Antes de comentar algunos de los temas que se exponen en el libro quisiera hacer referencia a su estructura, la cual da evidentemente algunas pistas sobre cómo leerlo. Para comenzar habrá que advertir al lector que es necesario tener dos separadores de páginas, ya que el libro es dos en uno. Efectivamente, está el libro como tal, con sus capítulos y subcapítulos, y al final hay una extensa sección de cuarenta y dos páginas que contiene las notas a las que se remite en el cuerpo del texto. Probablemente algún lector con ánimo lúdico quisiera intentar leer el libro por el final, y pensar el resto del libro como las notas a pie de página. Ese hommo ludens también tendría que poseer un improbable espíritu académico-erudito, ya que es ahí, en las notas, donde se hace evidente la amplia gama de referencias bibliográficas que sustentan la primera parte del texto.
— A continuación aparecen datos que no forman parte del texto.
lemma poisson_sample_Suc:
  assumes "j \<le> n"
  shows "poisson_sample p (Suc n) =
    bind_pmf (bernoulli_pmf p) (\<lambda>b. map_pmf (insert_index j b) (poisson_sample p n))"
proof -
  define B where "B = {..<Suc n} - {j}"
  let ?P = "\<lambda>A. Pi_pmf A False (\<lambda>_::nat. bernoulli_pmf p)"
  have P_n: "?P {..<n} = map_pmf (\<lambda>g. g \<circ> shift_index j) (?P B)"
    using assms bij_betw_shift_index[OF assms]
    by (intro Pi_pmf_bij_betw) (auto simp: B_def shift_index_def)
  have "{..<Suc n} = insert j B" "finite B" "j \<notin> B"
    using assms by (auto simp: B_def)
  then have "poisson_sample p (Suc n) =
      bind_pmf (bernoulli_pmf p) (\<lambda>b. map_pmf (\<lambda>g. {i. i < Suc n \<and> (g(j := b)) i}) (?P B))"
    by (simp add: poisson_sample_def Pi_pmf_insert' map_bind_pmf map_pmf_def[symmetric] pmf.map_comp o_def)
  also have "\<dots> = bind_pmf (bernoulli_pmf p)
      (\<lambda>b. map_pmf (\<lambda>g. insert_index j b {i. i < n \<and> g (shift_index j i)}) (?P B))"
    by (simp only: Collect_fun_upd_eq_insert_index[OF assms])
  also have "\<dots> = bind_pmf (bernoulli_pmf p) (\<lambda>b. map_pmf (insert_index j b) (poisson_sample p n))"
    by (simp add: poisson_sample_def P_n pmf.map_comp o_def)
  finally show ?thesis .
qed

definition subsample_sum :: "real \<Rightarrow> ('a \<Rightarrow> 'v::comm_monoid_add) \<Rightarrow> 'a list \<Rightarrow> 'v pmf" where
  "subsample_sum p v D = map_pmf (\<lambda>I. \<Sum>i\<in>I. v (D ! i)) (poisson_sample p (length D))"

lemma subsample_sum_insert:
  fixes v :: "'a \<Rightarrow> 'v::comm_monoid_add"
  shows "subsample_sum p v (as @ z # bs) =
    bind_pmf (bernoulli_pmf p) (\<lambda>b. map_pmf (\<lambda>w. if b then w + v z else w) (subsample_sum p v (as @ bs)))"
proof -
  let ?j = "length as"
  have sum_insert_index: "(\<Sum>i\<in>insert_index ?j b I. v ((as @ z # bs) ! i))
      = (if b then (\<Sum>i\<in>I. v ((as @ bs) ! i)) + v z else (\<Sum>i\<in>I. v ((as @ bs) ! i)))"
    if "finite I" for b I
  proof -
    have "(\<Sum>i\<in>shift_index ?j ` I. v ((as @ z # bs) ! i)) = (\<Sum>i\<in>I. v ((as @ z # bs) ! shift_index ?j i))"
      using sum.reindex[OF inj_on_subset[OF inj_shift_index subset_UNIV]] by (simp only: comp_def) blast
    also have "\<dots> = (\<Sum>i\<in>I. v ((as @ bs) ! i))"
      by (intro sum.cong) (auto simp: nth_append shift_index_def)
    finally have image: "(\<Sum>i\<in>shift_index ?j ` I. v ((as @ z # bs) ! i)) = (\<Sum>i\<in>I. v ((as @ bs) ! i))" .
    have "?j \<notin> shift_index ?j ` I"
      by (auto simp: shift_index_def)
    then show ?thesis
      using that by (cases b) (simp_all add: insert_index_def image add.commute)
  qed
  have "subsample_sum p v (as @ z # bs)
      = map_pmf (\<lambda>I. \<Sum>i\<in>I. v ((as @ z # bs) ! i)) (poisson_sample p (Suc (length (as @ bs))))"
    by (simp add: subsample_sum_def)
  also have "\<dots> = bind_pmf (bernoulli_pmf p) (\<lambda>b. map_pmf (\<lambda>I. \<Sum>i\<in>insert_index ?j b I. v ((as @ z # bs) ! i))
      (poisson_sample p (length (as @ bs))))"
    by (simp add: poisson_sample_Suc[of ?j] map_bind_pmf pmf.map_comp o_def)
  also have "\<dots> = bind_pmf (bernoulli_pmf p) (\<lambda>b. map_pmf (\<lambda>I. if b then (\<Sum>i\<in>I. v ((as @ bs) ! i)) + v z
      else (\<Sum>i\<in>I. v ((as @ bs) ! i))) (poisson_sample p (length (as @ bs))))"
    by (intro bind_pmf_cong refl map_pmf_cong) (auto simp: poisson_sample_def sum_insert_index)
  finally show ?thesis
    by (simp add: subsample_sum_def pmf.map_comp o_def if_distrib)
qed
definition nA :: "('a::real_algebra_1 \<Rightarrow> 'a) \<Rightarrow> 'a \<Rightarrow> 'a" where
  "nA cj x = x * cj x"

definition quad_cone :: "('a::real_algebra_1 \<Rightarrow> 'a) \<Rightarrow> 'a set" where
  "quad_cone cj = \<real> \<union> {x. \<exists>a b::real. trA cj x = of_real a \<and> nA cj x = of_real b \<and> 4 * b > a\<^sup>2}"

definition imag_sphere :: "('a::real_algebra_1 \<Rightarrow> 'a) \<Rightarrow> 'a set" where
  "imag_sphere cj = {J \<in> quad_cone cj. J * J = - 1}"

definition induces_gis :: "('a::real_algebra_1 \<Rightarrow> 'a) \<Rightarrow> 'a set \<Rightarrow> 'a set \<Rightarrow> bool" where
  "induces_gis cj M S \<longleftrightarrow> subspace M \<and> \<real> \<subseteq> M \<and> M \<subseteq> quad_cone cj \<and> S = M \<inter> imag_sphere cj"

definition gis :: "('a::real_algebra_1 \<Rightarrow> 'a) \<Rightarrow> 'a set \<Rightarrow> bool" where
  "gis cj S \<longleftrightarrow> S \<noteq> {} \<and> (\<exists>M. induces_gis cj M S)"

definition is_norm :: "('a::real_vector \<Rightarrow> real) \<Rightarrow> bool" where
  "is_norm N \<longleftrightarrow> (\<forall>x. N x \<ge> 0) \<and> (\<forall>x. N x = 0 \<longleftrightarrow> x = 0) \<and>
     (\<forall>(r::real) x. N (r *\<^sub>R x) = \<bar>r\<bar> * N x) \<and> (\<forall>x y. N (x + y) \<le> N x + N y)"

end

theory Submission
  imports Defs
begin

text \<open>
  Every element of the quadratic cone has a real norm \<open>n(x)\<close>, positive
  unless \<open>x = 0\<close>.  Hence on the subspace \<open>M \<subseteq> Q_A\<close> the map \<open>q x = n(x)\<close> is a real-valued,
  positive definite quadratic form, and \<open>\<surd>q\<close> is a norm on \<open>M\<close>: the triangle inequality
  is the Cauchy--Schwarz argument, i.e. the discriminant of the nonnegative polynomial
  \<open>t \<mapsto> q(t x + y)\<close> is nonpositive.  Finally, any norm on a subspace of a
  finite-dimensional real vector space extends to a norm on the whole space: choose a
  basis of \<open>M\<close>, extend it to a basis of the space, and set
  \<open>N x = p(P x) + \<Sum>\<bar>coordinates of x outside M\<bar>\<close>, with \<open>P\<close> the projection onto \<open>M\<close>.
\<close>

lemma nonneg_quadratic_discriminant:
  fixes a b c :: real
  assumes nonneg: "\<And>t. a * t^2 + b * t + c \<ge> 0" and "a \<ge> 0"
  shows "b^2 \<le> 4 * a * c"
proof (cases "a = 0")
  case True
  show ?thesis
  proof (cases "b = 0")
    case False
    have "a * (-(c+1)/b)^2 + b * (-(c+1)/b) + c \<ge> 0" using nonneg .
    with True False show ?thesis by (simp add: field_simps)
  qed (simp add: True)
next
  case False
  with \<open>a \<ge> 0\<close> have a: "a > 0" by simp
  have "a * (-b/(2*a))^2 + b * (-b/(2*a)) + c \<ge> 0" using nonneg .
  hence "b^2/(4*a) \<le> c" using a by (simp add: power2_eq_square field_simps)
  thus ?thesis using a by (simp add: field_simps)
qed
Y es que el libro, fiel a lo que se predica en su contenido, está escrito a la manera de ensayo, género que permite, entre otras cosas, discurrir, dudar, afirmar, contraargumentar y enumerar, y volver a enumerar, con entera libertad y rigor. También la escritura con la que está hecho el libro no sólo invoca las características del ensayo, sino la del viaje. Efectivamente, su lectura invita a un constante recorrido por los espacios de que está hecha y ocupa la afectividad colectiva: centros y límites por los que transcurre la reflexión del autor. Igualmente es también de notar que en el texto la psicología social y colectiva son a un tiempo herramienta y objeto de análisis. Forman parte del equipaje indispensable en los desplazamientos que el texto propone, en él la psicología se mira a sí misma, se pregunta sobre omisiones y argumentaciones circulares, y propone salidas que sean de una forma distinta.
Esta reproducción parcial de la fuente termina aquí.